Play DJ was a text-in quiz show which aired weekdays from 6 pm and weekends from 10 am on the now defunct British ITV Play channel. The show replaced a similar programme called ITV Playalong which was aired as filler on ITV Play when no live presented programmes were being aired (and continued to do so late-nights until the channel's demise). Viewers could also send in messages to be displayed on-air in a chatbox.

Games

Buzz Words
Nine letters were given and the viewer had to find as many words as they could with the letters; there was also one nine-letter word that could be made with the letters.

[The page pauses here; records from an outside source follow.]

(* Let $i$ be a positive integer and let $C$ be an $\mathbb{F}$-linear $[n,k,d]$-code with ordered basis $B$. (a) ${\sf Code}(B,i)$ is an $\mathbb{F}$-linear $[n_i,k_i,d_i]$-code with \[ n_i=n\prod_{j=1}^{i}(k+j),\qquad k_i=k+i,\qquad d_i\ge d\prod_{j=1}^{i}(k+j-1). \] (b) Suppose that $C$ is $u$-bounded relative to $B$ for a positive integer $u$ satisfying $u\ge d(1+ik^{-1})$. Then \[ d_i=d\prod_{j=1}^{i}(k+j). \] Moreover, setting $u_i=u\prod_{j=1}^{i}(k+j-1)$, the code ${\sf Code}(B,i)$ is $u_i$-bounded relative to ${\sf Basis}(B,i)$ if and only if $u\ge d(1+(i+1)k^{-1})$.
   Context: $\mathbb{F}$ is an arbitrary field and vectors in $\mathbb{F}^n$ are column vectors. The weight $\mathrm{wt}(x)$ of $x\in\mathbb{F}^n$ is its number of nonzero coordinates. An $[n,k,d]$-code is a $k$-dimensional subspace of $\mathbb{F}^n$ whose minimum distance (the minimum weight of a nonzero codeword) is $d$. Boundedness: let $u$ be a positive integer and let $C$ be an $[n,k,d]$-code with ordered basis $B=(a_1,\dots,a_k)$. Then $C$ is $u$-bounded relative to $B$ if all three of the following hold: (i) $\mathrm{wt}(a_j)=u$ for every $j$; (ii) $\mathrm{wt}\big(\sum_{j=1}^k a_j\big)=d$; (iii) $u\ge d(1+k^{-1})$. Construction: for an ordered basis $B=(a_1,\dots,a_k)$ of a code $C\le\mathbb{F}^n$, set $a_0:=0\in\mathbb{F}^n$. For $m=1,\dots,k+1$, let $a'_m\in\mathbb{F}^{n(k+1)}$ be the column vector made of $k+1$ blocks of length $n$. Its $r$-th block, for $r=1,\dots,k+1$, is $a_{r-m}$, where the subscript is read modulo $k+1$ with representatives in $\{0,\dots,k\}$. Thus $a'_1=(0,a_1,\dots,a_k)^T$, $a'_2=(a_k,0,a_1,\dots,a_{k-1})^T$, …, $a'_{k+1}=(a_1,\dots,a_k,0)^T$ in block form. Define ${\sf Basis}(B)=(a'_1,\dots,a'_{k+1})$, and let ${\sf Code}(B)\le\mathbb{F}^{n(k+1)}$ be its $\mathbb{F}$-linear span. ${\sf Basis}(B)$ is an ordered basis of ${\sf Code}(B)$. Iteration: ${\sf Code}(B,1)={\sf Code}(B)$ and ${\sf Basis}(B,1)={\sf Basis}(B)$. For $i\ge2$, ${\sf Code}(B,i)={\sf Code}({\sf Basis}(B,i-1))$ and ${\sf Basis}(B,i)={\sf Basis}({\sf Basis}(B,i-1))$. *)

theory Defs
  imports Complex_Main
begin
text \<open>
  Two points p = (u, y_p, z_p) and q = (v, y_q, z_q) of the truncated cone
  P(a, b, \<theta>) with u \<le> v are compared through the left translate
  p\<inverse> q = (v - u, y_q - y_p, Z) with Z = z_q - z_p + (y_p v - u y_q)/2.
  For the scale R = |(v, y_q)| / \<alpha> the dilated translate lies in the Euclidean
  ball B_\<alpha>, which gives d_\<alpha>(p, q) \<le> R; on the other hand every admissible
  scale for q bounds its horizontal part, so R \<le> r_q.  Hence p \<in> B(q, r_q),
  i.e. two points of the cone can never be mutually outside each other's balls.

  Finally the aperture \<theta>_0 = arctan (1/(c + 2)),
  c = 3 + 2\<alpha>^2, and the threshold a_0 = 2\<alpha> + 1 are chosen.
\<close>

definition scales :: "real \<Rightarrow> heis \<Rightarrow> real set" where
  "scales \<alpha> w = {r. r > 0 \<and> hdil (1/r) w \<in> eball \<alpha>}"

lemma d_alpha_eq_Inf_scales: "d_alpha \<alpha> p q = Inf (scales \<alpha> (hmult (hinv p) q))"
  by (simp add: d_alpha_def scales_def)

lemma hmult_hinv:
  "hmult (hinv (x, y, z)) (x', y', z') = (x' - x, y' - y, z' - z + (y*x' - x*y')/2)"
  by (simp add: hmult_def hinv_def algebra_simps)

lemma mem_scales_iff:
  assumes "\<alpha> \<ge> 0"
  shows "r \<in> scales \<alpha> (x, y, z) \<longleftrightarrow> r > 0 \<and> (x/r)^2 + (y/r)^2 + (z/r^2)^2 \<le> \<alpha>^2"
proof -
  have "hdil (1/r) (x, y, z) = (x/r, y/r, z/r^2)"
    by (simp add: hdil_def power_one_over)
  moreover have "sqrt X \<le> \<alpha> \<longleftrightarrow> X \<le> \<alpha>^2" for X
    using assms real_le_lsqrt sqrt_le_D by blast
  ultimately show ?thesis by (simp add: scales_def eball_def)
qed

text \<open>Every point has an admissible scale, so the infimum defining d_\<alpha> is a genuine
  lower bound of the scales; a large scale r \<ge> 1 always works.\<close>
lemma scales_nonempty:
  assumes "\<alpha> > 0"
  shows "scales \<alpha> w \<noteq> {}"
proof -
  obtain x y z where w: "w = (x, y, z)" by (cases w) auto
  define M where "M = x^2 + y^2 + z^2"
  define r where "r = sqrt M / \<alpha> + 1"
  have M0: "M \<ge> 0" unfolding M_def by simp
  have r1: "r \<ge> 1" unfolding r_def using M0 assms by simp
  have "sqrt M \<le> \<alpha> * r" unfolding r_def using assms by (simp add: algebra_simps)
  hence "M \<le> (\<alpha> * r)^2" using M0 sqrt_le_D by blast
  hence "M / r^2 \<le> \<alpha>^2" using r1 by (simp add: pos_divide_le_eq power_mult_distrib)
  moreover have "(z/r^2)^2 \<le> (z/r)^2"
    using r1 by (simp add: power_divide frac_le power_increasing)
  ultimately have "(x/r)^2 + (y/r)^2 + (z/r^2)^2 \<le> \<alpha>^2"
    unfolding M_def by (simp add: power_divide add_divide_distrib)
  hence "r \<in> scales \<alpha> w" unfolding w using r1 assms by (simp add: mem_scales_iff)
  thus ?thesis by blast
qed

lemma d_alpha_le:
  assumes "\<alpha> \<ge> 0" and "hmult (hinv p) q = (h1, h2, h3)" and "r > 0"
    and "(h1/r)^2 + (h2/r)^2 + (h3/r^2)^2 \<le> \<alpha>^2"
  shows "d_alpha \<alpha> p q \<le> r"
proof -
  have "r \<in> scales \<alpha> (hmult (hinv p) q)"
    using assms by (simp add: mem_scales_iff)
  moreover have "bdd_below (scales \<alpha> (hmult (hinv p) q))"
    by (rule bdd_belowI[of _ 0]) (simp add: scales_def)
  ultimately show ?thesis
    unfolding d_alpha_eq_Inf_scales by (rule cInf_lower)
qed

text \<open>Lower bound: d_\<alpha>(p, q) dominates the horizontal length of p\<inverse> q divided by \<alpha>,
  since the vertical coordinate only makes admissibility harder.\<close>
lemma horizontal_le_d_alpha:
  assumes "\<alpha> > 0" and "hmult (hinv p) q = (h1, h2, h3)"
  shows "sqrt (h1^2 + h2^2) / \<alpha> \<le> d_alpha \<alpha> p q"
  unfolding d_alpha_eq_Inf_scales
proof (rule cInf_greatest)
  show "scales \<alpha> (hmult (hinv p) q) \<noteq> {}" using assms(1) by (rule scales_nonempty)
next
  fix r assume "r \<in> scales \<alpha> (hmult (hinv p) q)"
  hence r0: "r > 0" and "(h1/r)^2 + (h2/r)^2 + (h3/r^2)^2 \<le> \<alpha>^2"
    using assms by (simp_all add: mem_scales_iff)
  moreover have "(h1^2 + h2^2) / r^2 = (h1/r)^2 + (h2/r)^2"
    by (simp add: power_divide add_divide_distrib)
  moreover have "0 \<le> (h3/r^2)^2" by simp
  ultimately have "(h1^2 + h2^2) / r^2 \<le> \<alpha>^2" by linarith
  hence "h1^2 + h2^2 \<le> (\<alpha> * r)^2" using r0 by (simp add: pos_divide_le_eq power_mult_distrib)
  hence "sqrt (h1^2 + h2^2) \<le> \<alpha> * r" using assms(1) r0 by (simp add: real_le_lsqrt)
  thus "sqrt (h1^2 + h2^2) / \<alpha> \<le> r" using assms(1) by (simp add: divide_le_eq mult.commute)
qed

lemma horizontal_le_rnorm:
  assumes "\<alpha> > 0"
  shows "sqrt (x^2 + y^2) / \<alpha> \<le> rnorm \<alpha> (x, y, z)"
  using horizontal_le_d_alpha[OF assms, of "(0,0,0)" "(x, y, z)"]
  by (simp add: rnorm_def hmult_hinv)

If a player got the word first, they got double points for it. A "mini" version was often played on the relaunched Play DJ.

Izit?
A phrase with blanks was given and viewers had to quickly guess what words filled in the blanks.

Quiz Time
Five questions were presented and viewers texted in their answers. Players scored more points based on how quick they answered. During the Playalong period until the debut of the Bonus Ball Bonanza, winners won £10 if they had the highest score.

Games only played on Playalong

String 'Em In
Letters were displayed on a grid, and viewers had to create words using letters that touched. There were often bonuses for using uncommon letters such as Q and Z, and there were also "bonus letters" which could award more points if used. High scoring words were usually replaced by new letters.

Space Wars
Space Wars debuted on 7 August 2006. To shoot at enemies, the viewers texted in an angle (0°-360°) and a missile was shot out of the base at that angle. The player's screen name was shown above the missile so they would know which missile was theirs. If an enemy was hit, points were scored.

Prizes
After each game, a high scoring player was transferred to play a game live in the studio. The player was guaranteed a prize of £20 (£30 on Play DJ Late), but could also win to win up to £1000.

During the day, players were selected using a drawing, while on Play DJ Late, the "Wheel of Wonga" was used to select a player.

Bonus Ball Bonanza
The Bonus Ball Bonanza was the bonus game used on ITV Playalong. High scoring players were sent five numbers in a text message, and a lottery drawing was held on air with 25 numbers.

ITV Playalong Live
For three months prior to Play DJ'''s launch in November 2006, a spin-off began airing called Playalong Live. The show was the same, but it featured a live voiceover presented by Nigel Mitchell. Ideas from this period (such as the presenter and a live chat box which was introduced) were later rolled into Play DJ''.

Former presenters
 Nigel Mitchell – former DJ on Capital Disney, and former presenter of Disney Channel UK.
 Ruth Frances – Former presenter of Quiz Call and Sky Sports.
 Mark Ryes – Former Bid TV presenter and radio DJ.
 Amy Garcia – Former presenter of Disney Channel UK, Chase-It and Quiz TV.
 Emma Lee – Former presenter of The Great Big British Quiz and Disney Channel UK.
 Tim Dixon – Former presenter of Quiz Nation and The Great Big British Quiz.